Disable Download Button on the SageMaker Jupyter Notebook
Amazon SageMaker notebook instance is a managed ML compute instance that runs the Jupyter Notebook Application. The Jupyter notebook enables you to fetch raw files and download them, and even exposes a download button. Due to security and compliant reasons, you would want to limit your data scientists to access data from the notebook instance only and would like to restrict them from downloading the data to their local machines.
You can achieve this by updating the jupyter_notebook_config.py
file, overriding the c.ContentsManager.files_handler_class
parameter. This parameter is used to define the handler class to use when serving raw file requests.
Referring the default FilesHandler class, we can create a new class that handles the HEAD and GET requests to return an HTTP 403: Forbidden error.
from tornado import web
from notebook.base.handlers import IPythonHandler
class ForbidFilesHandler(IPythonHandler):
@web.authenticated
def head(self, path):
self.log.info("HEAD: File download forbidden.")
raise web.HTTPError(403)
@web.authenticated
def get(self, path, include_body=True):
self.log.info("GET: File download forbidden.")
raise web.HTTPError(403)
Since SageMaker Notebook Instances do no persist any configuration changes or data stored outside the /home/ec2-user/SageMaker
folder, it is essential that we make these changes via a Lifecycle Configurations. You can create a Lifecycle Configuration, adding the following as the Start Notebook script.

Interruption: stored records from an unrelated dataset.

lemma has_equilibrium_if_kappa_c_eq:
  fixes \<Omega> :: "real^'n"
  assumes le_R: "\<And>j. \<bar>\<Omega>$j\<bar> \<le> R" and R_pos: "0 < R" and kappa: "kappa_c \<Omega> R = \<kappa>"
  shows "has_equilibrium \<Omega> \<kappa>"
proof -
  define \<Theta> :: "real^'n" where "\<Theta> = (\<chi> j. arcsin (\<Omega>$j / R))"
  have bounded: "-1 \<le> \<Omega>$j / R \<and> \<Omega>$j / R \<le> 1" for j
    using le_R[of j] R_pos by (auto simp: divide_simps abs_le_iff)
  have sin_\<Theta>: "sin (\<Theta>$j) = \<Omega>$j / R" for j
    unfolding \<Theta>_def using bounded[of j] by simp
  have "cos (\<Theta>$j) = sqrt (1 - (\<Omega>$j)^2 / R^2)" for j
    unfolding \<Theta>_def using bounded[of j] by (simp add: cos_arcsin power_divide)
  then have sum_\<Theta>: "(\<Sum>j\<in>UNIV. 1 + cos (\<Theta>$j)) = cos_sum \<Omega> R"
    unfolding cos_sum_def by (simp add: sum.distrib)
  have "\<kappa> * cos_sum \<Omega> R = real CARD('n) * R"
    using kappa cos_sum_pos[OF le_R] unfolding kappa_c_eq_cos_sum by (auto simp: field_simps)
  then have "is_equilibrium \<Omega> \<kappa> \<Theta>"
    unfolding is_equilibrium_def sum_distrib_right[symmetric] sum_\<Theta> sin_\<Theta>
    using R_pos by (simp add: field_simps)
  then show ?thesis unfolding has_equilibrium_def by blast
qed

lemma has_equilibrium_if_kappa_c_le:
  fixes \<Omega> :: "real^'n"
  assumes le_R: "\<And>j. \<bar>\<Omega>$j\<bar> \<le> R" and R_pos: "0 < R" and "0 < \<kappa>"
    and kappa: "kappa_c \<Omega> R \<le> \<kappa>"
  shows "has_equilibrium \<Omega> \<kappa>"
proof -
  define h where "h S = \<kappa> * cos_sum \<Omega> S - real CARD('n) * S" for S
  have "continuous_on {R..R + 2 * \<kappa>} h"
    unfolding h_def cos_sum_def using R_pos by (intro continuous_intros) auto
  moreover have "0 \<le> h R"
    using kappa cos_sum_pos[OF le_R] unfolding h_def kappa_c_eq_cos_sum by (simp add: field_simps)
  moreover have "h (R + 2 * \<kappa>) \<le> 0"
  proof -
    have "\<kappa> * cos_sum \<Omega> (R + 2 * \<kappa>) \<le> \<kappa> * (2 * real CARD('n))"
      using cos_sum_le_twice_card \<open>0 < \<kappa>\<close> by (intro mult_left_mono) auto
    moreover have "0 \<le> R * real CARD('n)" using R_pos by simp
    ultimately show ?thesis unfolding h_def by (simp add: algebra_simps)
  qed
  ultimately obtain S where S: "R \<le> S" "h S = 0"
    using IVT2'[of h "R + 2 * \<kappa>" 0 R] \<open>0 < \<kappa>\<close> by auto
  have le_S: "\<And>j. \<bar>\<Omega>$j\<bar> \<le> S" using le_R S(1) order_trans by blast
  have "kappa_c \<Omega> S = \<kappa>"
    using S(2) cos_sum_pos[OF le_S] unfolding h_def kappa_c_eq_cos_sum by (simp add: field_simps)
  then show ?thesis using has_equilibrium_if_kappa_c_eq[OF le_S] R_pos S(1) by simp
qed

lemma kappa_c_le_if_is_equilibrium:
  fixes \<Omega> :: "real^'n"
  assumes "0 < \<kappa>" and "\<Omega> \<noteq> 0" and eq: "is_equilibrium \<Omega> \<kappa> \<Theta>"
  shows "\<exists>R>0. (\<forall>j. \<bar>\<Omega>$j\<bar> \<le> R) \<and> kappa_c \<Omega> R \<le> \<kappa>"
proof -
  define S where "S = (\<Sum>j\<in>UNIV. 1 + cos (\<Theta>$j))"
  define R where "R = \<kappa> * S / real CARD('n)"
  have \<Omega>_eq: "\<Omega>$i = R * sin (\<Theta>$i)" for i
  proof -
    have "\<Omega>$i = \<kappa> / real CARD('n) * (\<Sum>j\<in>UNIV. (1 + cos (\<Theta>$j)) * sin (\<Theta>$i))"
      using eq unfolding is_equilibrium_def by (metis eq_iff_diff_eq_0)
    then show ?thesis unfolding R_def S_def by (simp add: sum_distrib_right[symmetric])
  qed
  have "0 \<le> S" unfolding S_def by (intro sum_nonneg) (smt (verit) cos_ge_minus_one)
  obtain i where "\<Omega>$i \<noteq> 0" using \<open>\<Omega> \<noteq> 0\<close> by (metis vec_eq_iff zero_index)
  then have "R \<noteq> 0" using \<Omega>_eq[of i] by auto
  moreover have "0 \<le> R" unfolding R_def using \<open>0 \<le> S\<close> \<open>0 < \<kappa>\<close> by simp
  ultimately have R_pos: "0 < R" by simp
  have le_R: "\<bar>\<Omega>$j\<bar> \<le> R" for j
    using \<Omega>_eq[of j] R_pos abs_sin_le_one[of "\<Theta>$j"] by (simp add: abs_mult mult_left_le)
  have "cos (\<Theta>$j) \<le> sqrt (1 - (\<Omega>$j)^2 / R^2)" for j
  proof -
    have "(cos (\<Theta>$j))^2 = 1 - (\<Omega>$j)^2 / R^2"
      using \<Omega>_eq[of j] R_pos by (simp add: cos_squared_eq power_mult_distrib)
    then show ?thesis by (metis real_sqrt_abs abs_ge_self)
  qed
  then have "S \<le> cos_sum \<Omega> R"
    unfolding S_def cos_sum_def by (simp add: sum.distrib sum_mono)
  moreover have "0 < S" using R_pos \<open>0 < \<kappa>\<close> unfolding R_def by (simp add: zero_less_divide_iff zero_less_mult_iff)
  ultimately have "\<kappa> * S / cos_sum \<Omega> R \<le> \<kappa> * S / S"
    using \<open>0 < \<kappa>\<close> by (intro divide_left_mono) auto
  moreover have "kappa_c \<Omega> R = \<kappa> * S / cos_sum \<Omega> R"
    unfolding kappa_c_eq_cos_sum R_def by simp
  ultimately show ?thesis using R_pos le_R \<open>0 < S\<close> by auto
qed

lemma has_equilibrium_iff_ex_kappa_c_le:
  fixes \<Omega> :: "real^'n"
  assumes "\<Omega> \<noteq> 0" and "0 < \<kappa>"
  shows "has_equilibrium \<Omega> \<kappa> \<longleftrightarrow> (\<exists>R>0. infnorm \<Omega> \<le> R \<and> kappa_c \<Omega> R \<le> \<kappa>)"
  using assms kappa_c_le_if_is_equilibrium has_equilibrium_if_kappa_c_le
  unfolding has_equilibrium_def infnorm_le_iff_cart by meson

lemma has_equilibrium_iff_kappa_c_ustar_le:
  fixes \<Omega> :: "real^'n"
  assumes "\<Omega> \<noteq> 0" and "infnorm \<Omega> < u" and "ustar_eq \<Omega> u" and "0 < \<kappa>"
  shows "has_equilibrium \<Omega> \<kappa> \<longleftrightarrow> kappa_c \<Omega> u \<le> \<kappa>"
proof -
  have "0 < u" using assms(2) infnorm_pos_le[of \<Omega>] by linarith
  then show ?thesis
    using has_equilibrium_iff_ex_kappa_c_le[OF assms(1,4)] kappa_c_le_at_ustar(1)[OF assms(2,3)] assms(2)
    by (meson less_imp_le order_trans)
qed

lemma Inf_threshold_eq:
  fixes K :: real
  assumes "\<forall>\<kappa>>0. P \<kappa> \<longleftrightarrow> K \<le> \<kappa>" and "0 < K"
  shows "Inf {s. 0 < s \<and> (\<forall>\<kappa>>s. P \<kappa>)} = K"
proof -
  have "{s. 0 < s \<and> (\<forall>\<kappa>>s. P \<kappa>)} = {K..}"
  proof (intro set_eqI iffI)
    fix s assume "s \<in> {s. 0 < s \<and> (\<forall>\<kappa>>s. P \<kappa>)}"
    then have "0 < s" "\<forall>\<kappa>>s. K \<le> \<kappa>" using assms(1) by auto
    then show "s \<in> {K..}" by (metis atLeast_iff dense not_le)
  qed (use assms in auto)
  then show ?thesis by simp
qed

definition opt_cos :: "real \<Rightarrow> real" where
  "opt_cos a = (sqrt (a^2 + 8) - a) / 4"

lemma opt_cos_root: "2 * (opt_cos a)^2 + a * opt_cos a - 1 = 0"
proof -
  have "(sqrt (a^2 + 8))^2 = a^2 + 8" by (simp add: add_nonneg_pos)
  then show ?thesis unfolding opt_cos_def by (simp add: field_simps power2_eq_square)
qed

lemma opt_cos_pos: "0 < opt_cos a"
proof -
  have "a \<le> sqrt (a^2)" by simp
  also have "sqrt (a^2) < sqrt (a^2 + 8)" by (rule real_sqrt_less_mono) simp
  finally show ?thesis unfolding opt_cos_def by simp
qed

lemma opt_cos_le_half:
  assumes "1 \<le> a"
  shows "opt_cos a \<le> 1 / 2"
proof -
  have "sqrt (a^2 + 8) \<le> a + 2"
    using assms by (intro real_le_lsqrt) (simp_all add: power2_eq_square algebra_simps)
  then show ?thesis unfolding opt_cos_def by simp
qed

lemma mult_sqrt_le_at_opt_cos:
  fixes a s :: real
  assumes "0 \<le> a" and "0 \<le> s"
  shows "(a + s) * sqrt (1 - s^2) \<le> (a + opt_cos a) * sqrt (1 - (opt_cos a)^2)"
proof -
  define z where "z = opt_cos a"
  have "0 < z" unfolding z_def by (rule opt_cos_pos)
  have "(1 - z^2) * (a + z)^2 - (1 - s^2) * (a + s)^2
      = (s - z)^2 * (s^2 + (2 * a + 2 * z) * s + a^2 + 3 * a * z + z^2)
        + (2 * z^2 + a * z - 1) * ((s - z)^2 + 2 * (z + a) * (s - z))"
    by (simp add: algebra_simps power2_eq_square)
  moreover have "2 * z^2 + a * z - 1 = 0" unfolding z_def by (rule opt_cos_root)
  moreover have "0 \<le> (s - z)^2 * (s^2 + (2 * a + 2 * z) * s + a^2 + 3 * a * z + z^2)"
    using assms \<open>0 < z\<close> by simp
  ultimately have "(1 - s^2) * (a + s)^2 \<le> (1 - z^2) * (a + z)^2" by simp
  then have "sqrt (1 - s^2) * \<bar>a + s\<bar> \<le> sqrt (1 - z^2) * \<bar>a + z\<bar>"
    by (metis real_sqrt_abs real_sqrt_le_mono real_sqrt_mult)
  then show ?thesis using assms \<open>0 < z\<close> by (simp add: z_def mult.commute)
qed

(* The minimum over R \<ge> m of kappa_c for a frequency vector whose only nonzero entry is \<plusminus>m. *)

definition kappa_lower_bound :: "real \<Rightarrow> real \<Rightarrow> real" where
  "kappa_lower_bound N m =
     N * m / ((2 * N - 1 + opt_cos (2 * N - 1)) * sqrt (1 - (opt_cos (2 * N - 1))^2))"

lemma cos_sum_le_single_term:
  fixes \<Omega> :: "real^'n"
  shows "cos_sum \<Omega> R \<le> 2 * real CARD('n) - 1 + sqrt (1 - (\<Omega>$i)^2 / R^2)"
    and "(\<And>j. j \<noteq> i \<Longrightarrow> \<Omega>$j = 0)
      \<Longrightarrow> cos_sum \<Omega> R = 2 * real CARD('n) - 1 + sqrt (1 - (\<Omega>$i)^2 / R^2)"
proof -
  have split: "cos_sum \<Omega> R = real CARD('n) + sqrt (1 - (\<Omega>$i)^2 / R^2)
      + (\<Sum>j\<in>UNIV - {i}. sqrt (1 - (\<Omega>$j)^2 / R^2))"
    unfolding cos_sum_def by (simp add: sum.remove[of UNIV i])
  have card: "(\<Sum>j\<in>UNIV - {i}. (1::real)) = real CARD('n) - 1"
    by (simp add: card_Diff_singleton of_nat_diff Suc_le_eq)
  have "(\<Sum>j\<in>UNIV - {i}. sqrt (1 - (\<Omega>$j)^2 / R^2)) \<le> (\<Sum>j\<in>UNIV - {i}. 1)"
    by (intro sum_mono) simp
  with split card show "cos_sum \<Omega> R \<le> 2 * real CARD('n) - 1 + sqrt (1 - (\<Omega>$i)^2 / R^2)"
    by simp
  assume "\<And>j. j \<noteq> i \<Longrightarrow> \<Omega>$j = 0"
  then have "(\<Sum>j\<in>UNIV - {i}. sqrt (1 - (\<Omega>$j)^2 / R^2)) = (\<Sum>j\<in>UNIV - {i}. 1)"
    by (intro sum.cong) auto
  with split card show "cos_sum \<Omega> R = 2 * real CARD('n) - 1 + sqrt (1 - (\<Omega>$i)^2 / R^2)"
    by simp
qed

lemma kappa_c_ge_lower_bound:
  fixes \<Omega> :: "real^'n"
  assumes le_R: "infnorm \<Omega> \<le> R" and R_pos: "0 < R"
  shows "kappa_lower_bound (real CARD('n)) (infnorm \<Omega>) \<le> kappa_c \<Omega> R"
proof -
  define a where "a = 2 * real CARD('n) - 1"
  define z where "z = opt_cos a"
  define m where "m = infnorm \<Omega>"
  define s where "s = sqrt (1 - m^2 / R^2)"
  obtain i where "\<bar>\<Omega>$i\<bar> = m" using infnorm_attained_cart unfolding m_def by blast
  then have i: "(\<Omega>$i)^2 = m^2" by (metis power2_abs)
  have "1 \<le> a" unfolding a_def by simp
  then have "0 < z" "z \<le> 1 / 2" unfolding z_def using opt_cos_pos opt_cos_le_half by auto
  then have "0 < sqrt (1 - z^2)" by (simp add: power_le_one abs_square_less_1)
  have "0 \<le> m" "m \<le> R" using le_R infnorm_pos_le unfolding m_def by auto
  have "m^2 / R^2 \<le> 1" using ratio_sq_le_one[of m R] \<open>0 \<le> m\<close> \<open>m \<le> R\<close> by simp
  then have "0 \<le> s" "1 - s^2 = (m / R)^2" unfolding s_def by (simp_all add: power_divide)
  then have "sqrt (1 - s^2) = m / R" using \<open>0 \<le> m\<close> R_pos by simp
  then have "(a + s) * (m / R) \<le> (a + z) * sqrt (1 - z^2)"
    using mult_sqrt_le_at_opt_cos[of a s] \<open>1 \<le> a\<close> \<open>0 \<le> s\<close> unfolding z_def by simp
  moreover have "cos_sum \<Omega> R \<le> a + s"
    using cos_sum_le_single_term(1)[of \<Omega> R i] i unfolding a_def s_def by simp
  then have "m * cos_sum \<Omega> R \<le> m * (a + s)" using \<open>0 \<le> m\<close> by (rule mult_left_mono)
  ultimately have "m * cos_sum \<Omega> R \<le> R * ((a + z) * sqrt (1 - z^2))"
    using R_pos by (simp add: field_simps)
  moreover have "0 < (a + z) * sqrt (1 - z^2)" "0 < cos_sum \<Omega> R"
    using \<open>0 < z\<close> \<open>1 \<le> a\<close> \<open>0 < sqrt (1 - z^2)\<close> cos_sum_pos[of \<Omega> R] le_R
    by (simp_all add: infnorm_le_iff_cart)
  ultimately have "m / ((a + z) * sqrt (1 - z^2)) \<le> R / cos_sum \<Omega> R"
    by (simp add: field_simps)
  then have "real CARD('n) * (m / ((a + z) * sqrt (1 - z^2))) \<le> real CARD('n) * (R / cos_sum \<Omega> R)"
    by (rule mult_left_mono) simp
  then show ?thesis unfolding kappa_c_eq_cos_sum kappa_lower_bound_def m_def a_def z_def by simp
qed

# Creating ForbidFilesHandler class, overriding the default files_handler_class
cat <<END >/home/ec2-user/.jupyter/handlers.py
from tornado import web
from notebook.base.handlers import IPythonHandler
class ForbidFilesHandler(IPythonHandler):
@web.authenticated
def head(self, path):
self.log.info("HEAD: File download forbidden.")
raise web.HTTPError(403)
@web.authenticated
def get(self, path, include_body=True):
self.log.info("GET: File download forbidden.")
raise web.HTTPError(403)
END
# Updating the files_handler_class
cat <<END >>/home/ec2-user/.jupyter/jupyter_notebook_config.py
import os, sys
sys.path.append('/home/ec2-user/.jupyter/')
import handlers
c.ContentsManager.files_handler_class = 'handlers.ForbidFilesHandler'
c.ContentsManager.files_handler_params = {}
END
# Reboot the Jupyterhub notebook
reboot
The reboot statement is required at the end as you would need to restart the docker container running the Jupyterhub notebook and not the notebook instance itself for the changes to take effect.
There are other workarounds to this such as using AWS Workspaces. You can launch the Workspaces resource and access the Notebook instances via this. Another option is to use Amazon Appstream and follow a similar process to access the instances. However, these workarounds require additional management overhead, cost, and complexity and thus would generally be avoided.